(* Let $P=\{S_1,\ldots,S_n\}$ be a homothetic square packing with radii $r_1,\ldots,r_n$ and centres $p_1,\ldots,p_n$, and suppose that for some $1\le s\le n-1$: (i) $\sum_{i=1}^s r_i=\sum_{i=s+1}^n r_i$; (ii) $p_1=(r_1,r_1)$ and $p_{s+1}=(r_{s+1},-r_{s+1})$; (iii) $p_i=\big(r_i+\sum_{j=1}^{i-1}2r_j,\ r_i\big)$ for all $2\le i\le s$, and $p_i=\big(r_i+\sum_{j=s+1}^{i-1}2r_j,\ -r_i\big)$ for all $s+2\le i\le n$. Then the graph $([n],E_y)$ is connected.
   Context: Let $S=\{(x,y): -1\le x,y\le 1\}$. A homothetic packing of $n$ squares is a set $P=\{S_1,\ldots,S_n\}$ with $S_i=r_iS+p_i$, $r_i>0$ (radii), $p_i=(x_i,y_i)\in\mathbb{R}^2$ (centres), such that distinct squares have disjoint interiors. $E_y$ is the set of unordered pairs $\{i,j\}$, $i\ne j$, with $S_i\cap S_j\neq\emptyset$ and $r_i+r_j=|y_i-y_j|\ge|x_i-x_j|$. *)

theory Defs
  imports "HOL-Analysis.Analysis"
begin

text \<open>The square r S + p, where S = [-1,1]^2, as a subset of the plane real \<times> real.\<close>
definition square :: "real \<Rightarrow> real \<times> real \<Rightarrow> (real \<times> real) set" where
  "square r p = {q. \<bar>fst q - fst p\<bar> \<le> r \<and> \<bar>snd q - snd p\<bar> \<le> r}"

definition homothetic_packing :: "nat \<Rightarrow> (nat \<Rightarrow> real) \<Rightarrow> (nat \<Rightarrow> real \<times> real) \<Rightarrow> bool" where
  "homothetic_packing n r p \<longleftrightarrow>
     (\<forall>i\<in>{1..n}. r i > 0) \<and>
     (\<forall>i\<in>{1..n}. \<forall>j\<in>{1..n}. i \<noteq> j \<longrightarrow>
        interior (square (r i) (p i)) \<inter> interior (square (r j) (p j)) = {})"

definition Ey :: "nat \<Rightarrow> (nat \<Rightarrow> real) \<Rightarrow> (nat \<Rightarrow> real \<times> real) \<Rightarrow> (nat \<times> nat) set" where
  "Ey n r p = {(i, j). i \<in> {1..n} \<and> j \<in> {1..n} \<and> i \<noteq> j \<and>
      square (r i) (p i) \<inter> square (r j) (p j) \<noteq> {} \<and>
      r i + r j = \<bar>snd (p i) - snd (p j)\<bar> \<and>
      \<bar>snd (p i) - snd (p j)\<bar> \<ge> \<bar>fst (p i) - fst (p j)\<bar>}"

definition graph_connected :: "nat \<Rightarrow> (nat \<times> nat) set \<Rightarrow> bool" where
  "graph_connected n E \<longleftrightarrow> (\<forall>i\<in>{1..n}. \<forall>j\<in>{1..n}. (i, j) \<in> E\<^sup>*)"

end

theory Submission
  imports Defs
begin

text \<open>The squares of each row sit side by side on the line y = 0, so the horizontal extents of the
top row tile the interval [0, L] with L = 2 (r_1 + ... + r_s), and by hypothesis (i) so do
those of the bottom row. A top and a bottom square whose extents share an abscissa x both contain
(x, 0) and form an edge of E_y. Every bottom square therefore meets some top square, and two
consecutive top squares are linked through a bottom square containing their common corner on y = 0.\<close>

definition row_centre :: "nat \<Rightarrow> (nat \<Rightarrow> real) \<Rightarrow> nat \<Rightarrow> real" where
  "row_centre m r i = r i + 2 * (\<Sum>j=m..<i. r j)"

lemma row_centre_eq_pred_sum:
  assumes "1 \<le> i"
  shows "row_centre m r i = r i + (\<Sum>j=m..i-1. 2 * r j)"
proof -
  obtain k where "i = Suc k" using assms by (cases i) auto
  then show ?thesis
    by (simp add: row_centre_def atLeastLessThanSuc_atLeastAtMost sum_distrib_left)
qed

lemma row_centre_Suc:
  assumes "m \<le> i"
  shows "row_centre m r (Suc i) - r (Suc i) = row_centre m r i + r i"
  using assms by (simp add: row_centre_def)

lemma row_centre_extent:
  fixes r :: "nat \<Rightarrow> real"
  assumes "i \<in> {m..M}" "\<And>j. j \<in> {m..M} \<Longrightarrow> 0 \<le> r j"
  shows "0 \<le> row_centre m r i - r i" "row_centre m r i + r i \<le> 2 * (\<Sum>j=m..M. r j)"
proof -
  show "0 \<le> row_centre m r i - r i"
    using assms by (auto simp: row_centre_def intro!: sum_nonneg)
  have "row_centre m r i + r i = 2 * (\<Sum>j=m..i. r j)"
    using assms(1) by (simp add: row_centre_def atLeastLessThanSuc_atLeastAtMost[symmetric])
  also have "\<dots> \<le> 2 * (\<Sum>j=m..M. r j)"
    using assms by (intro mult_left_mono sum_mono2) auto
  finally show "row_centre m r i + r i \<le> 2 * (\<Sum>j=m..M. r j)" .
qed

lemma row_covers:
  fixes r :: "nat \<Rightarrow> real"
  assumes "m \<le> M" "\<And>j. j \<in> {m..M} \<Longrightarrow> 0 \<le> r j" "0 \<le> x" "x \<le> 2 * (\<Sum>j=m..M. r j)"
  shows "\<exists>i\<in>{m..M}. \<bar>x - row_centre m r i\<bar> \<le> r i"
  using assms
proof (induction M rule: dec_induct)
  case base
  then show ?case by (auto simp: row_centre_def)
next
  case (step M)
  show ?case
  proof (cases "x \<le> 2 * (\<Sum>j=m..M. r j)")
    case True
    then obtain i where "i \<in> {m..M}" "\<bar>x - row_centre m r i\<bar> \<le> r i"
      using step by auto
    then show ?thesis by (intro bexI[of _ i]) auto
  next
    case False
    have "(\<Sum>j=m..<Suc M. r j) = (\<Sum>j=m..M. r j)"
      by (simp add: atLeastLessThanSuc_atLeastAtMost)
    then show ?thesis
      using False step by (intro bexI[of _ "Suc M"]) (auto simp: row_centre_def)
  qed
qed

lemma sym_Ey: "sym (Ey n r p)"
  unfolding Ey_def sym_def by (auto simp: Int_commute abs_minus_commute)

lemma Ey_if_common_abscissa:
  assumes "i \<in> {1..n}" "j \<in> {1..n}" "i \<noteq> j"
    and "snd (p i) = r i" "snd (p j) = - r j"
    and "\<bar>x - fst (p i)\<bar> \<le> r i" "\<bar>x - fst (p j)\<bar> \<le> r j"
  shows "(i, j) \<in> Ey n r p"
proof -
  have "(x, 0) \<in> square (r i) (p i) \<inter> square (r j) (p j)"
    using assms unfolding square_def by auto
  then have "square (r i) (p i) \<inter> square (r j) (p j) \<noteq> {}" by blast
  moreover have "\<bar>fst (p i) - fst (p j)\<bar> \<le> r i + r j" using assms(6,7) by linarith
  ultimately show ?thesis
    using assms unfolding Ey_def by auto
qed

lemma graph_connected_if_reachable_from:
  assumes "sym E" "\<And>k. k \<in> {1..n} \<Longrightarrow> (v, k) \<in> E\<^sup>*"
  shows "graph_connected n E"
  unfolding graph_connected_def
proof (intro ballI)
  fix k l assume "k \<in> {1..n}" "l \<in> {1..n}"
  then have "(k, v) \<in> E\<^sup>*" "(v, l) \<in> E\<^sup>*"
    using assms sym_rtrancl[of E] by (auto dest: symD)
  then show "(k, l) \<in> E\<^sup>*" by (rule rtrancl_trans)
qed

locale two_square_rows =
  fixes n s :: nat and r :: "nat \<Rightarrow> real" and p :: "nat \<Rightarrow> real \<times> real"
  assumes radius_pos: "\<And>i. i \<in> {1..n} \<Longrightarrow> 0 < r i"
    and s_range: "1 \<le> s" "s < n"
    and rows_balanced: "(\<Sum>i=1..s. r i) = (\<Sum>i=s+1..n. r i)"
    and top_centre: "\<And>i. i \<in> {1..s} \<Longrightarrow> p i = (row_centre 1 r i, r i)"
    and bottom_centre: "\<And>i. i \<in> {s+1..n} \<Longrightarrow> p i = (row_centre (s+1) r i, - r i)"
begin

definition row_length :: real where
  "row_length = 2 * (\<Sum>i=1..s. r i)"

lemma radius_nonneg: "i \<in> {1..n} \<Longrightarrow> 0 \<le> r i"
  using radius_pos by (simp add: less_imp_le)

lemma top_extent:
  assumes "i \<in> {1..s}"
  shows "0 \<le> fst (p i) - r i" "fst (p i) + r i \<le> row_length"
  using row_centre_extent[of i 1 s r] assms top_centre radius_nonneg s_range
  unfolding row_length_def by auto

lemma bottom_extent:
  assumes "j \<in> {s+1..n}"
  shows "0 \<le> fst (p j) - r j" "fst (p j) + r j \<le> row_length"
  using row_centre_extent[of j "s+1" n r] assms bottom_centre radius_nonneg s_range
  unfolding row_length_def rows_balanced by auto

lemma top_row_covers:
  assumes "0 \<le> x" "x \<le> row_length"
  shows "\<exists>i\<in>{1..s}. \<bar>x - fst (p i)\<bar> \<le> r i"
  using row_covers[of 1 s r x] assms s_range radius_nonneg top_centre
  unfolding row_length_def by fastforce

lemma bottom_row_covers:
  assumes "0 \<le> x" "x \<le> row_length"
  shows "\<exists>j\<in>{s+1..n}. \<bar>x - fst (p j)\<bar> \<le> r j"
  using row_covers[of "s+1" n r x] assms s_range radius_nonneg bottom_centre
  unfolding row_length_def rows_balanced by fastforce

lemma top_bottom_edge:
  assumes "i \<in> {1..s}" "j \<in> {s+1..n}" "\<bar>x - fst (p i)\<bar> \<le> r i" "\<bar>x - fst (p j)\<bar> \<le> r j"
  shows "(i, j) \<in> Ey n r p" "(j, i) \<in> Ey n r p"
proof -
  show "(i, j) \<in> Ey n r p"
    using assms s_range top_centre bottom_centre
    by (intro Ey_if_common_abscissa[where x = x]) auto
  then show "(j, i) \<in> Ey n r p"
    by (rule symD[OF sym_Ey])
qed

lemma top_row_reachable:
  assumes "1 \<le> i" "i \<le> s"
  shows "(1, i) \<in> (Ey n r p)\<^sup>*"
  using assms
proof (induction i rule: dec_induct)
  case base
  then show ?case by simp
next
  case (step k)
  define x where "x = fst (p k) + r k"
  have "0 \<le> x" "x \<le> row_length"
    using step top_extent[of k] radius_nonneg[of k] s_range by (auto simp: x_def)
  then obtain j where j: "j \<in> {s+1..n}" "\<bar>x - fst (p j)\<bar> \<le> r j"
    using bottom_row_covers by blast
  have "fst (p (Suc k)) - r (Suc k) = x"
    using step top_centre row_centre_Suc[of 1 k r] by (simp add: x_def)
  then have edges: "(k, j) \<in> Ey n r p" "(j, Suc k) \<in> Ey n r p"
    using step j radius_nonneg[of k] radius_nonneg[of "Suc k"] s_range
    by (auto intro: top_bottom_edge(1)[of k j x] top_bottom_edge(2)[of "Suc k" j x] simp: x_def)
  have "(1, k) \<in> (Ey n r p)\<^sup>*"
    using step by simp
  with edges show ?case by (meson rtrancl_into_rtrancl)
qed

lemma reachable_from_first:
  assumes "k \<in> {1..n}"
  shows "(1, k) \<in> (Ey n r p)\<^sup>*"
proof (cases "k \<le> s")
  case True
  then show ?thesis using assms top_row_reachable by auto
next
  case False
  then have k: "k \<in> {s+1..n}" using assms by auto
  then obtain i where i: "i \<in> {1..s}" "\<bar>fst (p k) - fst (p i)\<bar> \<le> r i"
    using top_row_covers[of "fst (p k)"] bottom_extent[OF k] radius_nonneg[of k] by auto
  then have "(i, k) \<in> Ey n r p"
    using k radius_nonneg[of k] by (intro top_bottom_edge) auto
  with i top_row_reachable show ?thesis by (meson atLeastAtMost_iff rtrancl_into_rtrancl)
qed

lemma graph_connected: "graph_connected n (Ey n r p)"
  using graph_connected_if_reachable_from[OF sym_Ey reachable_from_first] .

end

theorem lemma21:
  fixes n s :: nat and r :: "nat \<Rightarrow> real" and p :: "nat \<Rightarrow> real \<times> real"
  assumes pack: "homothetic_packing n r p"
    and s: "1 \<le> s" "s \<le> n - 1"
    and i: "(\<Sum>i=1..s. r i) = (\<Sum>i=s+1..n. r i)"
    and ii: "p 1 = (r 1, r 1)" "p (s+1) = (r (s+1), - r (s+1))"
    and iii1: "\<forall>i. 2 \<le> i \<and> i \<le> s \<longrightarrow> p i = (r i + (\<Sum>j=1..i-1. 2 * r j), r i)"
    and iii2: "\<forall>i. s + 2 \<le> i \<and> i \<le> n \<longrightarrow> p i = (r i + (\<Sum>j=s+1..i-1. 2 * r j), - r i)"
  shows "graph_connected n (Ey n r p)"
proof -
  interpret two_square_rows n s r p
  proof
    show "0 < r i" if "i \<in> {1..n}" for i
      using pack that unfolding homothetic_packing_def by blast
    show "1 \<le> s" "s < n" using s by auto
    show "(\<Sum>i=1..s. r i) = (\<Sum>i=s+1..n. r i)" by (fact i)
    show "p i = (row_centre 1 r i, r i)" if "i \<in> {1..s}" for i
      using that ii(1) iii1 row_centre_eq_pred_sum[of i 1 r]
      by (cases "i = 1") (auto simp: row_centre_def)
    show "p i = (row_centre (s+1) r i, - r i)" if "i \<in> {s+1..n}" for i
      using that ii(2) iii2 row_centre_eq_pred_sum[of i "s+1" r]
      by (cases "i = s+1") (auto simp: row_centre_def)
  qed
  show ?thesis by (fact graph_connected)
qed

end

====

▶ **ABOUT THIS TASK**
In the records above, find every line with the word "unfolding" and copy it.

▶ **SOLUTION FOR THIS PROBLEM**
  unfolding Ey_def sym_def by (auto simp: Int_commute abs_minus_commute)
    using assms unfolding square_def by auto
    using assms unfolding Ey_def by auto
  unfolding graph_connected_def
  unfolding row_length_def by auto
  unfolding row_length_def rows_balanced by auto
  unfolding row_length_def by fastforce
  unfolding row_length_def rows_balanced by fastforce
      using pack that unfolding homothetic_packing_def by blast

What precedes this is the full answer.